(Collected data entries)
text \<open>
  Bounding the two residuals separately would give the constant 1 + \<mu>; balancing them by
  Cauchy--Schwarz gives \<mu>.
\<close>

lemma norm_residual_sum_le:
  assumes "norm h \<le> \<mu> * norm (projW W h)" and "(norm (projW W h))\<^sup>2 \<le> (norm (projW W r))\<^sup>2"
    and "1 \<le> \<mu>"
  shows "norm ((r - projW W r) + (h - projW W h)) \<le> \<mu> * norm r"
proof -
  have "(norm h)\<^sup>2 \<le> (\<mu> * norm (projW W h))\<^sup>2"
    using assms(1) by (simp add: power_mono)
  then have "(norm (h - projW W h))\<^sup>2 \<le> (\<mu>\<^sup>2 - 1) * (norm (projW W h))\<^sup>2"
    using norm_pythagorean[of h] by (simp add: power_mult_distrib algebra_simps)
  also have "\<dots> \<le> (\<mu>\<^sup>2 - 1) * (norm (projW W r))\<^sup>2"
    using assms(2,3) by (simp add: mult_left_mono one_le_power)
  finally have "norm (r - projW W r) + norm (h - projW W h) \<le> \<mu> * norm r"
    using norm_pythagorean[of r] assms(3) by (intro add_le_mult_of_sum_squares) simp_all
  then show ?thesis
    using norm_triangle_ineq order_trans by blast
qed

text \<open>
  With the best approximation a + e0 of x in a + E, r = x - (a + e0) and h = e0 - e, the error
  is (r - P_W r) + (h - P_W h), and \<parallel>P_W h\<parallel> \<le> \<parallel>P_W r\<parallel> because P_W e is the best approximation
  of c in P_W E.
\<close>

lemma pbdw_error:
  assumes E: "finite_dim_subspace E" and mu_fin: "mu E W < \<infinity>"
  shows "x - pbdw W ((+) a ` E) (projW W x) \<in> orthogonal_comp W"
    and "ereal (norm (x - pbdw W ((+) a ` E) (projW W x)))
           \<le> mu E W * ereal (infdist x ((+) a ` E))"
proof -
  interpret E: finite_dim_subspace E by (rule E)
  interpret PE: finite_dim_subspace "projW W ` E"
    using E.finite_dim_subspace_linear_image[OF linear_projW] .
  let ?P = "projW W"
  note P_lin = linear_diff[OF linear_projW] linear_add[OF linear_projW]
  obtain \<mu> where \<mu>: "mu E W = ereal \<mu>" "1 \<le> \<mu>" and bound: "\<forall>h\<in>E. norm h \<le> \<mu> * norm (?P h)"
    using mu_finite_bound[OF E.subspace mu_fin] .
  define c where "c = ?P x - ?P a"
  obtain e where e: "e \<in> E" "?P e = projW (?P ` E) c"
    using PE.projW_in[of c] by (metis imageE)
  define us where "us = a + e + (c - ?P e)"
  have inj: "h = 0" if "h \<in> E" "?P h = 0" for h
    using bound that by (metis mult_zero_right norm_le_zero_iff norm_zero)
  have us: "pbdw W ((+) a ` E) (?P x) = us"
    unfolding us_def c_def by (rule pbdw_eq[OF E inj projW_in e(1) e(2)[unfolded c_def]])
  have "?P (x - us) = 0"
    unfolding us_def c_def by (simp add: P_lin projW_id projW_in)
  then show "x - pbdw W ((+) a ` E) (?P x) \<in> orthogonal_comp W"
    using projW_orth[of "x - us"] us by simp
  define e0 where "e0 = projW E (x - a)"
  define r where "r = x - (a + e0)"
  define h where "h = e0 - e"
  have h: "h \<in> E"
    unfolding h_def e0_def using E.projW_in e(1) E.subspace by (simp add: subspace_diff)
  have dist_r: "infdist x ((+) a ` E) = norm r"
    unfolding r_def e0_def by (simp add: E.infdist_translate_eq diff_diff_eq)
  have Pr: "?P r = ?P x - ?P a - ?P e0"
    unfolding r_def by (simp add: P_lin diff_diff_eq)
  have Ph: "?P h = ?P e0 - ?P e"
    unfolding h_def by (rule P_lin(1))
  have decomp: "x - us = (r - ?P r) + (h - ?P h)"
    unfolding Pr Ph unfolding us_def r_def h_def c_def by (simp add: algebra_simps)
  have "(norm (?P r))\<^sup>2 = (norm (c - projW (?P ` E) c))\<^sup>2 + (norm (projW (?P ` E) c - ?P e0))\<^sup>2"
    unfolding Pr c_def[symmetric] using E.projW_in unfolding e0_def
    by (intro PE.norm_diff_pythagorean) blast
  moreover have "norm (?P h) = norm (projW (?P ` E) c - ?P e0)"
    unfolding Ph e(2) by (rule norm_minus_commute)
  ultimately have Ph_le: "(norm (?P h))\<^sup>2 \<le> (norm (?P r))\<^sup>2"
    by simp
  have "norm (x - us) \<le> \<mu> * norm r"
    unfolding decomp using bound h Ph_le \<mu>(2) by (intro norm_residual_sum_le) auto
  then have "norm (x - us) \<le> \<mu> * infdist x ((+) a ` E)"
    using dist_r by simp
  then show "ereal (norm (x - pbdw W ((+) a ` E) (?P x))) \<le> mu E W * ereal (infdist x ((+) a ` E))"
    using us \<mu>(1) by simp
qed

...

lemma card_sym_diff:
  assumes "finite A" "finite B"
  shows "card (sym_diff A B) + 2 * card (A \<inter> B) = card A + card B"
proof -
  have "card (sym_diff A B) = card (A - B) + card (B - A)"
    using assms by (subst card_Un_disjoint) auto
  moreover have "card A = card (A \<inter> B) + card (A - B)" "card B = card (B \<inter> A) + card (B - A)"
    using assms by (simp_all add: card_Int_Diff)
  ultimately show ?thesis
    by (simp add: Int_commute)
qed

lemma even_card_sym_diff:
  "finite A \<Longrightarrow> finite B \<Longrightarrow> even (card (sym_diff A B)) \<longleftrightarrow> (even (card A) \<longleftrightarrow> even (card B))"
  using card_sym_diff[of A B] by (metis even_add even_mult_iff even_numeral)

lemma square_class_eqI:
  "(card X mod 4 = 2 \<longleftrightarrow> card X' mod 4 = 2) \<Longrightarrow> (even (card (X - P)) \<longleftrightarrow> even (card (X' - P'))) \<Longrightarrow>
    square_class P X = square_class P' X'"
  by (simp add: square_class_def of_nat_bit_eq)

* * *

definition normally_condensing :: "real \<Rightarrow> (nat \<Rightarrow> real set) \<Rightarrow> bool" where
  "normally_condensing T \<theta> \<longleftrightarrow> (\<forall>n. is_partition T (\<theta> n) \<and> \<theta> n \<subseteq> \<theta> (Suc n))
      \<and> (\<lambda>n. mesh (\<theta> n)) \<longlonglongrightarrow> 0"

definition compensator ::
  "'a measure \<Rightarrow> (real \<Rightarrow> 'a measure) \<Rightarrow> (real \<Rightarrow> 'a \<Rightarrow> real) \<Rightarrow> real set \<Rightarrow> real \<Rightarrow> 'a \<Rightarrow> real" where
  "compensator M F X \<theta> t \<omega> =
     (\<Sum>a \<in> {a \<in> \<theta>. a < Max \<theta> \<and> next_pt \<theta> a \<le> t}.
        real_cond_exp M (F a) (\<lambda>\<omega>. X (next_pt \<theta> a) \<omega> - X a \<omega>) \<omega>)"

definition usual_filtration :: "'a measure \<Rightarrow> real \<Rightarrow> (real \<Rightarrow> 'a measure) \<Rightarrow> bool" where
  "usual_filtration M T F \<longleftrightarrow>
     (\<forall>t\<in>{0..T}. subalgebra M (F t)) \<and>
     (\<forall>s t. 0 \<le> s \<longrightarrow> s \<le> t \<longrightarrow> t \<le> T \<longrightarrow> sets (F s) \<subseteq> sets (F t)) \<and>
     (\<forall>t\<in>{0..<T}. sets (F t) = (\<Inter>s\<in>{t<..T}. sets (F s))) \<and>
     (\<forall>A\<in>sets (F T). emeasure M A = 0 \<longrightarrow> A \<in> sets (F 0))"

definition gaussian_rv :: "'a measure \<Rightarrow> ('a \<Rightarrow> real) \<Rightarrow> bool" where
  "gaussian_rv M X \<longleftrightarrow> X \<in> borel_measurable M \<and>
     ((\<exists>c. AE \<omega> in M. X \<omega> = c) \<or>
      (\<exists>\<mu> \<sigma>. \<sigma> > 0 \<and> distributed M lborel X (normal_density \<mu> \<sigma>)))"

What is required ->
Above are the records; from them, give again exactly the lines from the one containing "square_class P X" through the one containing "by (simp add: square_class_def", both included.

Final answer ->
    square_class P X = square_class P' X'"
  by (simp add: square_class_def of_nat_bit_eq)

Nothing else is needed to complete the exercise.